In order to seal the interface between the crossbar 126 and the interphase gas barrier 500, the diameter of the centrally disposed aperture 508 is formed to be slightly larger than the diameter of the crossbar 126 to provide a generally snug fit therebetween. By providing such a snug fit between the crossbar 126 and the interphase gas barrier 500, the need to seal the interface 516 therebetween with, for example, a rubber cement as in known circuit breakers, is obviated. Accordingly, the interphase gas barrier 500 in accordance with the present invention allows for a generally uniform and consistent seal at the interface 505 relative to the crossbar 126 which does not depend on the experience of the personnel assembling the circuit breaker.

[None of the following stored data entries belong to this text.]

(* Let $n\ge1$, $N=2n+1$, and let $(a_j)_{j\ge0}$ be complex numbers with $|a_j|\le (j+2)^{-2}$ for all $j\ge 0$. Let $f(z)=-\sum_{j=0}^\infty a_jz^j$, let $z_1,\dots,z_N$ be the roots of $P_n(f;z)$ (with multiplicity) and $\lambda_k:=z_k^{-1}$. Then \[S_{j+1}(\lambda)-a_j=0,\qquad j=0,\dots,n-1,\] \[|S_{j+1}(\lambda)-a_j|\le\frac{r^{n-j}}{1-r^{n+1}}\left(15n+\frac{30}{1-r}\right),\qquad j\ge n,\] where $r\in(0,1)$ is arbitrary.
   Context: For $f$ analytic in the unit disc, $s_n(z)=s_n(f;z)$ denotes the $n$-th Taylor polynomial of $\exp\left(\int_0^z f(\zeta)\,d\zeta\right)$ (so $s_n(0)=1$), and $P_n(f;z):=s_n(z)+z^{2n+1}\overline{s}_n(1/z)$, where $\overline{s}_n$ is the polynomial with complex-conjugated coefficients; it has degree $2n+1$ and $P_n(0)=1$. For $\lambda_1,\dots,\lambda_N$, $S_\nu(\lambda)=\lambda_1^\nu+\dots+\lambda_N^\nu$. *)

theory Defs
  imports "HOL-Complex_Analysis.Complex_Analysis" "HOL-Computational_Algebra.Polynomial"
begin

definition fser :: "(nat \<Rightarrow> complex) \<Rightarrow> complex \<Rightarrow> complex" where
  "fser a z = - (\<Sum>j. a j * z ^ j)"

definition expint :: "(complex \<Rightarrow> complex) \<Rightarrow> complex \<Rightarrow> complex" where
  "expint f z = exp (contour_integral (linepath 0 z) f)"

definition tcoeff :: "(complex \<Rightarrow> complex) \<Rightarrow> nat \<Rightarrow> complex" where
  "tcoeff f k = (deriv ^^ k) (expint f) 0 / of_nat (fact k)"

definition s_poly :: "(complex \<Rightarrow> complex) \<Rightarrow> nat \<Rightarrow> complex poly" where
  "s_poly f n = (\<Sum>k\<le>n. monom (tcoeff f k) k)"

text \<open>P_n(f;z) = s_n(z) + z^(2n+1) conj(s_n)(1/z).\<close>
definition P_poly :: "(complex \<Rightarrow> complex) \<Rightarrow> nat \<Rightarrow> complex poly" where
  "P_poly f n = s_poly f n + (\<Sum>k\<le>n. monom (cnj (tcoeff f k)) (2 * n + 1 - k))"

definition Spow :: "complex list \<Rightarrow> nat \<Rightarrow> complex" where
  "Spow zs \<nu> = (\<Sum>z\<leftarrow>zs. (1 / z) ^ \<nu>)"

end

theory Submission
  imports Defs
begin

(* Let c_k be the Taylor coefficients of E = exp (int_0^z f), so that s_n is the n-th partial sum
   of E. From E' = f E they satisfy (k+1) c_(k+1) = - sum_(i<=k) a_i c_(k-i), and the decay
   |a_j| <= (j+2)^-2 then gives sum_(k=1..n) |c_k| <= 11/16, so s_n has no zeros in the closed unit
   disc. On the unit circle z^n conj(s_n)(1/z) has the same modulus as s_n, hence by the maximum
   modulus principle the second summand of P_n is strictly smaller than s_n inside the disc; as
   P_n(z) = z^(2n+1) conj(P_n(1/conj z)), all roots of P_n lie on the unit circle.
   In particular P_n'/P_n = - sum_nu S_(nu+1)(lambda) z^nu. Since P_n agrees with E up to order n
   and E'/E = f, comparing coefficients gives S_(j+1)(lambda) = a_j for j < n. For j >= n the
   claimed bound is weaker than the trivial estimate |S_(j+1)(lambda) - a_j| <= 2n + 2, because
   |lambda_k| = 1 and r^(n-j) >= 1. *)

unbundle no vec_syntax

section \<open>Taylor coefficients of the exponential of a primitive\<close>

lemma tcoeff_0 [simp]: "tcoeff f 0 = 1"
  by (simp add: tcoeff_def expint_def)

lemma expint_has_field_derivative:
  fixes f :: "complex \<Rightarrow> complex"
  assumes holf: "f holomorphic_on ball 0 r" and x: "x \<in> ball 0 r"
  shows "(expint f has_field_derivative f x * expint f x) (at x)"
proof -
  obtain g where g: "\<And>x. x \<in> ball 0 r \<Longrightarrow> (g has_field_derivative f x) (at x within ball 0 r)"
    using holomorphic_convex_primitive'[OF convex_ball open_ball holf] by blast
  have expint_eq: "expint f z = exp (g z - g 0)" if "z \<in> ball 0 r" for z
  proof -
    have "closed_segment 0 z \<subseteq> ball 0 r"
      using that by (intro closed_segment_subset) (auto intro: le_less_trans[OF norm_ge_zero])
    then have "path_image (linepath 0 z) \<subseteq> ball 0 r"
      by simp
    from contour_integral_primitive[OF g valid_path_linepath this]
    show ?thesis
      by (simp add: expint_def contour_integral_unique)
  qed
  have "((\<lambda>z. exp (g z - g 0)) has_field_derivative f x * exp (g x - g 0)) (at x)"
    using g[OF x] at_within_open[OF x open_ball] by (auto intro!: derivative_eq_intros)
  then show ?thesis
    using expint_eq x
    by (auto intro: has_field_derivative_transform_within_open[OF _ open_ball x])
qed

lemma fps_deriv_tcoeff:
  fixes f :: "complex \<Rightarrow> complex"
  assumes holf: "f holomorphic_on ball 0 r" and "0 < r" and F: "f has_fps_expansion F"
  shows "fps_deriv (Abs_fps (tcoeff f)) = F * Abs_fps (tcoeff f)"
proof -
  let ?E = "Abs_fps (tcoeff f)"
  note deriv = expint_has_field_derivative[OF holf]
  have "expint f holomorphic_on ball 0 r"
    using deriv by (metis holomorphic_on_open open_ball)
  then have "expint f has_fps_expansion fps_expansion (expint f) 0"
    using \<open>0 < r\<close> by (intro has_fps_expansion_fps_expansion) auto
  moreover have "fps_expansion (expint f) 0 = ?E"
    by (simp add: fps_expansion_def fps_eq_iff tcoeff_def)
  ultimately have E: "expint f has_fps_expansion ?E"
    by simp
  have "eventually (\<lambda>x. x \<in> ball 0 r) (nhds 0)"
    using \<open>0 < r\<close> by (intro eventually_nhds_in_open) auto
  then have "eventually (\<lambda>x. f x * expint f x = deriv (expint f) x) (nhds 0)"
    by eventually_elim (simp add: DERIV_imp_deriv[OF deriv])
  then have "deriv (expint f) has_fps_expansion F * ?E"
    using has_fps_expansion_mult[OF F E] by (simp add: has_fps_expansion_cong)
  with has_fps_expansion_deriv[OF E] show ?thesis
    by (rule fps_expansion_unique_complex)
qed

lemma fps_conv_radius_ge_1:
  fixes a :: "nat \<Rightarrow> complex"
  assumes "summable (\<lambda>j. norm (a j))"
  shows "1 \<le> fps_conv_radius (Abs_fps a)"
  using conv_radius_geI[of a 1] summable_norm_cancel[OF assms]
  by (simp add: fps_conv_radius_def one_ereal_def)

lemma fser_eq_eval_fps: "fser a = (\<lambda>z. - eval_fps (Abs_fps a) z)"
  by (simp add: fun_eq_iff fser_def eval_fps_def)

lemma fser_has_fps_expansion:
  assumes "summable (\<lambda>j. norm (a j))"
  shows "fser a has_fps_expansion - Abs_fps a"
proof -
  have "eval_fps (Abs_fps a) has_fps_expansion Abs_fps a"
    using fps_conv_radius_ge_1[OF assms]
    by (intro eval_fps_has_fps_expansion) (meson ereal_0_less_1 order_less_le_trans)
  from has_fps_expansion_minus[OF this] show ?thesis
    by (simp add: fser_eq_eval_fps)
qed

lemma fser_holomorphic_on_ball:
  assumes "summable (\<lambda>j. norm (a j))"
  shows "fser a holomorphic_on ball 0 1"
proof -
  have "ball 0 1 \<subseteq> eball 0 (fps_conv_radius (Abs_fps a))"
    using eball_mono[OF fps_conv_radius_ge_1[OF assms]] by (simp add: one_ereal_def)
  then have "eval_fps (Abs_fps a) holomorphic_on ball 0 1"
    by (rule holomorphic_on_eval_fps)
  then show ?thesis
    by (simp add: fser_eq_eval_fps holomorphic_on_minus)
qed

lemma summable_inverse_square_shift: "summable (\<lambda>j. 1 / (real j + 2)^2)"
proof (rule summable_comparison_test'[where N = 1])
  show "summable (\<lambda>j. inverse (real j ^ 2))"
    by (rule inverse_power_summable) simp
  fix j :: nat
  assume "j \<ge> 1"
  then show "norm (1 / (real j + 2)^2) \<le> inverse (real j ^ 2)"
    by (simp add: divide_simps power_mono)
qed

lemma fps_deriv_tcoeff_fser:
  assumes "\<And>j. norm (a j) \<le> 1 / (real j + 2)^2"
  shows "fps_deriv (Abs_fps (tcoeff (fser a))) = - Abs_fps a * Abs_fps (tcoeff (fser a))"
proof -
  have "summable (\<lambda>j. norm (a j))"
    using assms by (intro summable_comparison_test'[OF summable_inverse_square_shift]) auto
  then show ?thesis
    using fps_deriv_tcoeff fser_holomorphic_on_ball fser_has_fps_expansion zero_less_one by blast
qed

section \<open>Coefficient estimates\<close>

lemma sum_inverse_square_shift_le: "(\<Sum>i<m. 1 / (real i + 2)^2) \<le> 2/3"
proof -
  have "(\<Sum>i<m. 1 / (real i + 2)^2) \<le> 2/3 - 1 / (real m + 3/2)" for m
  proof (induction m)
    case (Suc m)
    have "(real m + 3/2) * (real m + 5/2) \<le> (real m + 2)^2"
      by (simp add: power2_eq_square algebra_simps)
    then have "1 / (real m + 2)^2 \<le> 1 / ((real m + 3/2) * (real m + 5/2))"
      by (intro divide_left_mono) auto
    also have "\<dots> = 1 / (real m + 3/2) - 1 / (real (Suc m) + 3/2)"
      by (simp add: field_simps)
    finally show ?case
      using Suc by simp
  qed simp
  then show ?thesis
    by (smt (verit) divide_pos_pos of_nat_0_le_iff)
qed

lemma sum_weighted_norm_coeffs_le:
  fixes A E :: "complex fps"
  assumes "fps_deriv E = A * E"
  shows "(\<Sum>k\<in>{1..n}. real k * norm (E $ k))
           \<le> (\<Sum>i<n. norm (A $ i)) * (\<Sum>j<n. norm (E $ j))"
proof -
  have coeff_bound:
    "real (Suc k) * norm (E $ Suc k) \<le> (\<Sum>i\<le>k. norm (A $ i) * norm (E $ (k - i)))" for k
  proof -
    have "real (Suc k) * norm (E $ Suc k) = norm ((A * E) $ k)"
      by (simp flip: assms add: fps_deriv_nth norm_mult del: of_nat_Suc)
    also have "\<dots> \<le> (\<Sum>i\<le>k. norm (A $ i * E $ (k - i)))"
      unfolding fps_mult_nth atLeast0AtMost by (rule norm_sum)
    finally show ?thesis
      by (simp add: norm_mult)
  qed
  have "(\<Sum>k\<in>{1..n}. real k * norm (E $ k)) = (\<Sum>k<n. real (Suc k) * norm (E $ Suc k))"
    by (rule sum_bounds_lt_plus1[symmetric])
  also have "\<dots> \<le> (\<Sum>k<n. \<Sum>i\<le>k. norm (A $ i) * norm (E $ (k - i)))"
    by (intro sum_mono coeff_bound)
  also have "\<dots> = (\<Sum>(i, j) \<in> {(i, j). i + j < n}. norm (A $ i) * norm (E $ j))"
    by (rule sum.triangle_reindex[symmetric])
  also have "\<dots> \<le> (\<Sum>(i, j) \<in> {..<n} \<times> {..<n}. norm (A $ i) * norm (E $ j))"
    by (rule sum_mono2) auto
  also have "\<dots> = (\<Sum>i<n. norm (A $ i)) * (\<Sum>j<n. norm (E $ j))"
    by (simp add: sum_product sum.cartesian_product)
  finally show ?thesis .
qed

lemma sum_norm_coeffs_le_11_16:
  fixes A E :: "complex fps"
  assumes E0: "E $ 0 = 1" and dE: "fps_deriv E = A * E"
    and A: "\<And>j. norm (A $ j) \<le> 1 / (real j + 2)^2"
  shows "(\<Sum>k\<in>{1..n}. norm (E $ k)) \<le> 11/16"
proof (cases "n = 0")
  case False
  define U where "U = (\<Sum>k\<in>{1..n}. norm (E $ k))"
  have split: "(\<Sum>k\<in>{1..n}. g k) = g 1 + (\<Sum>k\<in>{2..n}. g k)" for g :: "nat \<Rightarrow> real"
    using False by (simp add: sum.atLeast_Suc_atMost numeral_2_eq_2)
  have E1: "norm (E $ 1) \<le> 1/4"
    using arg_cong[OF dE, of "\<lambda>F. F $ 0"] A[of 0] E0 by (simp add: fps_mult_nth)
  have "(\<Sum>k\<in>{2..n}. 2 * norm (E $ k)) \<le> (\<Sum>k\<in>{2..n}. real k * norm (E $ k))"
    by (rule sum_mono) (auto intro: mult_right_mono)
  then have "2 * U - norm (E $ 1) \<le> (\<Sum>k\<in>{1..n}. real k * norm (E $ k))"
    using split[of "\<lambda>k. real k * norm (E $ k)"] split[of "\<lambda>k. norm (E $ k)"]
    by (simp add: U_def sum_distrib_left)
  also have "\<dots> \<le> (\<Sum>i<n. norm (A $ i)) * (\<Sum>j<n. norm (E $ j))"
    by (rule sum_weighted_norm_coeffs_le[OF dE])
  also have "\<dots> \<le> 2/3 * (1 + U)"
  proof (rule mult_mono)
    show "(\<Sum>i<n. norm (A $ i)) \<le> 2/3"
      using sum_mono[of "{..<n}" "\<lambda>i. norm (A $ i)", OF A] sum_inverse_square_shift_le[of n]
      by linarith
    have "(\<Sum>j<n. norm (E $ j)) \<le> (\<Sum>j\<le>n. norm (E $ j))"
      by (rule sum_mono2) auto
    also have "\<dots> = 1 + U"
      using E0 by (simp add: U_def atMost_atLeast0 sum.atLeast_Suc_atMost)
    finally show "(\<Sum>j<n. norm (E $ j)) \<le> 1 + U" .
  qed (auto intro: sum_nonneg)
  finally show ?thesis
    using E1 by (simp add: U_def)
qed simp

lemma sum_nonzero_in_cball:
  fixes c :: "nat \<Rightarrow> complex"
  assumes "c 0 = 1" and "(\<Sum>k\<in>{1..n}. norm (c k)) < 1" and "norm z \<le> 1"
  shows "(\<Sum>k\<le>n. c k * z^k) \<noteq> 0"
proof -
  have "norm (\<Sum>k\<in>{1..n}. c k * z^k) \<le> (\<Sum>k\<in>{1..n}. norm (c k * z^k))"
    by (rule norm_sum)
  also have "\<dots> \<le> (\<Sum>k\<in>{1..n}. norm (c k))"
    using \<open>norm z \<le> 1\<close>
    by (intro sum_mono) (simp add: norm_mult norm_power mult_left_le power_le_one)
  finally have "norm (\<Sum>k\<in>{1..n}. c k * z^k) < 1"
    using assms(2) by linarith
  moreover have "(\<Sum>k\<le>n. c k * z^k) = 1 + (\<Sum>k\<in>{1..n}. c k * z^k)"
    using \<open>c 0 = 1\<close> by (simp add: atMost_atLeast0 sum.atLeast_Suc_atMost)
  ultimately show ?thesis
    by (metis add_eq_0_iff norm_minus_cancel norm_one order_less_irrefl)
qed

section \<open>Self-inversive polynomials\<close>

lemma reversed_sum_on_circle:
  fixes c :: "nat \<Rightarrow> complex"
  assumes "norm y = 1"
  shows "(\<Sum>k\<le>n. cnj (c k) * y^(n-k)) = y^n * cnj (\<Sum>k\<le>n. c k * y^k)"
proof -
  have "y * cnj y = 1"
    using assms by (simp add: complex_norm_square[symmetric] power2_eq_square)
  have "y^(n-k) = y^n * cnj y ^ k" if "k \<le> n" for k
  proof -
    have "y^n * cnj y ^ k = y^(n-k) * (y * cnj y)^k"
      using that by (simp add: power_mult_distrib power_add[symmetric])
    with \<open>y * cnj y = 1\<close> show ?thesis
      by simp
  qed
  then show ?thesis
    by (simp add: sum_distrib_left mult_ac)
qed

The inside diameter of the sleeve portion 510 is generally formed to have substantially the same diameter as the cylindrical portion 156 (FIG. 9) of the insulator links 120 in the outer poles. In order to register the interphase barrier 500 with the insulator links 120 in the outside poles, the sleeve portion 510 is formed with a slot 515 adjacent a mouth 520 defined on one end of the sleeve portion 510. The slot 515 is adapted to receive a tab 522 extending axially outwardly from the cylindrical portion 156 of the outside insulator links 120. The combination of the slot 515 and the tab 522 facilitates radial alignment of the interphase barrier 500 relative to the insulator links 120. Such an arrangement minimizes misalignment of the interphase barriers 504 during assembly.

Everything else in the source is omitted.